I live out here in rural Jefferson County for moments like these. When a bird flies in the house, I catch them in my hands and take them back out so they can get back to their own homes. We've become a part of the landscape in which we live, and we take pride in caring for our place in it. There are some things that you just can't experience in town, and more often than not, they are things that build our knowledge of and wisdom about the many natural gifts we have.

It's Independence Day . . . the day we celebrate our separation from King George III and a Parliament where we had no voice. It's wonderful to live in a nation where we are allowed to have a voice in how we are governed, and in a time when we are able to participate in that governance if we wish.

There's no substitute.


Monday, July 03, 2006

Update from the Jefferson County Commissioners' meeting

During this morning's Jefferson County Board of County Commissioners (BoCC) meeting, we learned that the Washington Environmental Council has responded to Jefferson County's request for an additional 90 days to work on the critical areas ordinance update by offering the county six months instead.

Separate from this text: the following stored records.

section \<open>Union bound for the error probability\<close>

lemma ppm_dec_correct:
  assumes m: "m \<in> {1..M}" "y m = 1" and others: "\<forall>k\<in>{1..M}. k \<noteq> m \<longrightarrow> y k = -1"
  shows "ppm_dec M y = Some m"
proof -
  let ?unique_one = "\<lambda>m. m \<in> {1..M} \<and> y m = 1 \<and> (\<forall>k\<in>{1..M}. k \<noteq> m \<longrightarrow> y k = -1)"
  have unique: "m' = m" if "?unique_one m'" for m'
  proof (rule ccontr)
    assume "m' \<noteq> m"
    then have "m \<noteq> m'" by simp
    then have "y m = -1" using that m(1) by blast
    with m(2) show False by simp
  qed
  have "?unique_one m" using m others by blast
  then have "(SOME m. ?unique_one m) = m"
    using unique by (rule some_equality)
  moreover have "\<exists>m\<in>{1..M}. y m = 1 \<and> (\<forall>k\<in>{1..M}. k \<noteq> m \<longrightarrow> y k = -1)"
    using \<open>?unique_one m\<close> by blast
  ultimately show ?thesis unfolding ppm_dec_def by (simp only: if_True)
qed

lemma ppm_error_event:
  assumes "m \<in> {1..M}" "ppm_dec M (quant \<Upsilon> (ppm_cw \<xi> m) z) \<noteq> Some m"
  shows "z m \<le> \<Upsilon> - \<xi> \<or> (\<exists>k\<in>{1..M} - {m}. z k \<ge> \<Upsilon>)"
proof (rule ccontr)
  assume "\<not> ?thesis"
  then have "ppm_dec M (quant \<Upsilon> (ppm_cw \<xi> m) z) = Some m"
    using assms(1) by (intro ppm_dec_correct) (auto simp: quant_def ppm_cw_def)
  with assms(2) show False by simp
qed

lemma ppm_error_given_message:
  assumes \<sigma>: "\<sigma> > 0" and m: "m \<in> {1..M}"
  shows "measure (noise \<sigma> M) {z \<in> space (noise \<sigma> M). ppm_dec M (quant \<Upsilon> (ppm_cw \<xi> m) z) \<noteq> Some m}
    \<le> (real M - 1) * Qfun (\<Upsilon> / \<sigma>) + Qfun ((\<xi> - \<Upsilon>) / \<sigma>)"
proof -
  let ?P = "noise \<sigma> M"
  define F where "F = {z \<in> space ?P. z m \<in> {..\<Upsilon> - \<xi>}}"
  define G where "G k = {z \<in> space ?P. z k \<in> {\<Upsilon>..}}" for k
  interpret prob_space ?P
    unfolding noise_def by (intro prob_space_PiM prob_space_normal_density \<sigma>)
  have F_sets: "F \<in> sets ?P" unfolding F_def using \<sigma> m by (intro noise_coordinate) auto
  have G_sets: "G k \<in> sets ?P" if "k \<in> {1..M} - {m}" for k
    unfolding G_def using \<sigma> that by (intro noise_coordinate) auto
  have G_union_sets: "(\<Union>k\<in>{1..M} - {m}. G k) \<in> sets ?P"
    using G_sets by (intro sets.finite_UN) auto
  have error_subset: "{z \<in> space ?P. ppm_dec M (quant \<Upsilon> (ppm_cw \<xi> m) z) \<noteq> Some m}
      \<subseteq> F \<union> (\<Union>k\<in>{1..M} - {m}. G k)"
    using ppm_error_event[OF m] unfolding F_def G_def by blast
  have "measure ?P {z \<in> space ?P. ppm_dec M (quant \<Upsilon> (ppm_cw \<xi> m) z) \<noteq> Some m}
      \<le> measure ?P (F \<union> (\<Union>k\<in>{1..M} - {m}. G k))"
    using F_sets G_union_sets by (intro finite_measure_mono[OF error_subset]) auto
  also have "\<dots> \<le> measure ?P F + measure ?P (\<Union>k\<in>{1..M} - {m}. G k)"
    using F_sets G_union_sets by (intro measure_subadditive) auto
  also have "measure ?P (\<Union>k\<in>{1..M} - {m}. G k) \<le> (\<Sum>k\<in>{1..M} - {m}. measure ?P (G k))"
    using G_sets by (intro measure_subadditive_finite) (auto simp: emeasure_finite simp del: Diff_iff)
  also have "measure ?P F = Qfun ((\<xi> - \<Upsilon>) / \<sigma>)"
    using \<sigma> m normal_measure_atMost[OF \<sigma>, of "\<Upsilon> - \<xi>"] unfolding F_def
    by (subst noise_coordinate) auto
  also have "(\<Sum>k\<in>{1..M} - {m}. measure ?P (G k)) = (\<Sum>k\<in>{1..M} - {m}. Qfun (\<Upsilon> / \<sigma>))"
    using \<sigma> normal_measure_atLeast[OF \<sigma>] unfolding G_def
    by (intro sum.cong refl) (subst noise_coordinate; auto)
  also have "\<dots> = (real M - 1) * Qfun (\<Upsilon> / \<sigma>)"
    using m by (simp add: card_Diff_singleton of_nat_diff)
  finally show ?thesis by simp
qed

lemma ppm_err_union_bound:
  assumes "\<sigma> > 0" "M \<ge> 1"
  shows "ppm_err \<sigma> M \<xi> \<Upsilon> \<le> (real M - 1) * Qfun (\<Upsilon> / \<sigma>) + Qfun ((\<xi> - \<Upsilon>) / \<sigma>)"
proof -
  let ?B = "(real M - 1) * Qfun (\<Upsilon> / \<sigma>) + Qfun ((\<xi> - \<Upsilon>) / \<sigma>)"
  have "ppm_err \<sigma> M \<xi> \<Upsilon> \<le> (1 / real M) * (\<Sum>m\<in>{1..M}. ?B)"
    unfolding ppm_err_def using assms
    by (intro mult_left_mono sum_mono ppm_error_given_message) auto
  also have "\<dots> = ?B" using assms by simp
  finally show ?thesis .
qed

lemma ppm_err_nonneg: "0 \<le> ppm_err \<sigma> M \<xi> \<Upsilon>"
  unfolding ppm_err_def by (intro mult_nonneg_nonneg sum_nonneg) auto

section \<open>Asymptotics of the union bound\<close>

lemma ppm_xi_pos_sq:
  assumes "0 < R" "M \<ge> 2"
  shows "ppm_xi R M > 0" and "(ppm_xi R M)^2 = ln (real M) / R"
  using assms by (auto simp: ppm_xi_def)

lemma ppm_xi_at_top:
  assumes "0 < R" shows "filterlim (ppm_xi R) at_top sequentially"
proof -
  have "filterlim (\<lambda>M. (1 / R) * ln (real M)) at_top sequentially"
    using assms by (intro filterlim_tendsto_pos_mult_at_top[OF tendsto_const]
        filterlim_compose[OF ln_at_top filterlim_real_sequentially]) auto
  then show ?thesis
    unfolding ppm_xi_def[abs_def] by (auto intro: filterlim_compose[OF sqrt_at_top])
qed

text \<open>A rate below 1/(2\<sigma>^2) leaves room for a threshold fraction \<theta> < 1 of the amplitude.\<close>
lemma rate_margin:
  fixes \<sigma> R :: real
  assumes "\<sigma> > 0" "0 < R" "R < 1 / (2 * \<sigma>^2)"
  obtains \<theta> where "0 < \<theta>" "\<theta> < 1" "R < \<theta>^2 / (2 * \<sigma>^2)"
proof -
  define r where "r = sqrt (2 * \<sigma>^2 * R)"
  have r_pos: "0 < r" using assms unfolding r_def by simp
  have "r^2 < 1" using assms by (simp add: r_def field_simps)
  then have r_less_1: "r < 1" using r_pos by (simp add: power_less_one_iff)
  have "r^2 < ((1 + r) / 2)^2" using r_pos r_less_1 by (intro power_strict_mono) auto
  moreover have "r^2 = 2 * \<sigma>^2 * R" unfolding r_def using assms by simp
  ultimately have "R < ((1 + r) / 2)^2 / (2 * \<sigma>^2)" using assms by (simp add: field_simps)
  with r_pos r_less_1 show ?thesis by (intro that[of "(1 + r) / 2"]) auto
qed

This would provide a new "due date" of January 18, 2007 for the ordinance update to be adopted. While removing the urgency for getting our ducks in a row, we should not sit back and let things happen. We need a well-paced process that allows for full citizen participation in working toward a much-improved outcome, beneficial to all.

During the public comment portion of the BoCC meeting, one of the things brought forward is the need for the agricultural exemption to be broadened to include new farm operations. If that doesn't happen, our young sustainable agriculture movement will not be able to mature into a robust community providing locally grown produce for our community and region.

Articles are forthcoming from both of our local newspapers. Keep an eye out for them!

If you haven't already done so, please download the settlement agreement and the proposed critical areas ordinance update and go over them carefully. If you have questions, please send them to the Jefferson County Department of Community Development. (You should note that you wish to have a reply to your questions.) The more each of us knows about these documents, the better prepared we will be to work in the process of making the ordinance become what it needs to be to protect our families and the landscapes we are so much a part of and take pride in.

It's time for all of us to move into the work of developing critical areas protections that will support our ecosystems, while also providing opportunities for our children, grandchildren and beyond. Let's build our local solutions locally!